Stored data:
(* For the diamond network with orthogonal broadcast links, bit-pipe capacities $C_1,C_2$, and discrete memoryless MAC $p(y|x_1,x_2)$, the capacity satisfies $$C^\diamond\le \max_{p(x_1,x_2)}\ \min_{p(u|y)}\ \min\left\{\begin{array}{l} C_1+C_2,\\ C_1+I(X_2;Y|X_1),\\ C_2+I(X_1;Y|X_2),\\ I(X_1X_2;Y),\\ \tfrac12\big(C_1+C_2+I(X_1X_2;Y|U)+I(X_1;U|X_2)+I(X_2;U|X_1)\big)\end{array}\right\},$$ where the minimum is over auxiliary channels $p(u|y)$ (with $U$ in an arbitrary finite alphabet) and all quantities are evaluated for the joint pmf $p(x_1,x_2)p(y|x_1,x_2)p(u|y)$.
   Context: Diamond network with orthogonal broadcast component: a message $W$ uniformly distributed on $\{1,\dots,2^{nR}\}$ is encoded into $(V_1^n,V_2^n)$ with $H(V_1^n)\le nC_1$, $H(V_2^n)\le nC_2$; $V_i^n$ is delivered without error to relay $i$, which maps it to $X_i^n\in\mathcal X_i^n$. $(X_1^n,X_2^n)$ is sent over $n$ uses of a memoryless MAC $p(y|x_1,x_2)$ with finite alphabets, giving $Y^n$, from which a decoder forms $\hat W$. $R$ is achievable if $\Pr(\hat W\ne W)$ can be made arbitrarily small for some $n$; $C^\diamond$ is the supremum of achievable rates. Logarithms base 2. *)

theory Defs
  imports Complex_Main "HOL-Library.FuncSet"
begin

text \<open>Entropy (base 2) of the random variable f under the pmf P on the finite
  sample set S. Convention: 0 log 0 = 0 (holds since log 2 0 = 0 in Isabelle).\<close>
definition ent :: "'d set \<Rightarrow> ('d \<Rightarrow> real) \<Rightarrow> ('d \<Rightarrow> 'e) \<Rightarrow> real" where
  "ent S P f = - (\<Sum>z\<in>f ` S. (\<Sum>d\<in>{d\<in>S. f d = z}. P d) * log 2 (\<Sum>d\<in>{d\<in>S. f d = z}. P d))"

definition cmi :: "'d set \<Rightarrow> ('d \<Rightarrow> real) \<Rightarrow> ('d \<Rightarrow> 'e) \<Rightarrow> ('d \<Rightarrow> 'f) \<Rightarrow> ('d \<Rightarrow> 'g) \<Rightarrow> real" where
  "cmi S P A B C = ent S P (\<lambda>d. (A d, C d)) + ent S P (\<lambda>d. (B d, C d))
                   - ent S P (\<lambda>d. (A d, B d, C d)) - ent S P C"

definition mi :: "'d set \<Rightarrow> ('d \<Rightarrow> real) \<Rightarrow> ('d \<Rightarrow> 'e) \<Rightarrow> ('d \<Rightarrow> 'f) \<Rightarrow> real" where
  "mi S P A B = cmi S P A B (\<lambda>_. ())"

definition is_channel :: "('a::finite \<Rightarrow> 'b::finite \<Rightarrow> 'c::finite \<Rightarrow> real) \<Rightarrow> bool" where
  "is_channel W \<longleftrightarrow> (\<forall>x1 x2 y. 0 \<le> W x1 x2 y) \<and> (\<forall>x1 x2. (\<Sum>y\<in>UNIV. W x1 x2 y) = 1)"

text \<open>Number of messages: W is uniform on a set of size ceil(2^(nR)).\<close>
definition num_msgs :: "nat \<Rightarrow> real \<Rightarrow> nat" where
  "num_msgs n R = nat \<lceil>2 powr (real n * R)\<rceil>"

■ **INSTRUCTIONS TO FOLLOW**: Return, word for word, the lines of the data above from the line with "('d \<Rightarrow> 'g)" through the line with "W \<longleftrightarrow> (\<forall>x1", inclusive.

■ **COMPLETED TASK**:
definition cmi :: "'d set \<Rightarrow> ('d \<Rightarrow> real) \<Rightarrow> ('d \<Rightarrow> 'e) \<Rightarrow> ('d \<Rightarrow> 'f) \<Rightarrow> ('d \<Rightarrow> 'g) \<Rightarrow> real" where
  "cmi S P A B C = ent S P (\<lambda>d. (A d, C d)) + ent S P (\<lambda>d. (B d, C d))
                   - ent S P (\<lambda>d. (A d, B d, C d)) - ent S P C"

definition mi :: "'d set \<Rightarrow> ('d \<Rightarrow> real) \<Rightarrow> ('d \<Rightarrow> 'e) \<Rightarrow> ('d \<Rightarrow> 'f) \<Rightarrow> real" where
  "mi S P A B = cmi S P A B (\<lambda>_. ())"

definition is_channel :: "('a::finite \<Rightarrow> 'b::finite \<Rightarrow> 'c::finite \<Rightarrow> real) \<Rightarrow> bool" where
  "is_channel W \<longleftrightarrow> (\<forall>x1 x2 y. 0 \<le> W x1 x2 y) \<and> (\<forall>x1 x2. (\<Sum>y\<in>UNIV. W x1 x2 y) = 1)"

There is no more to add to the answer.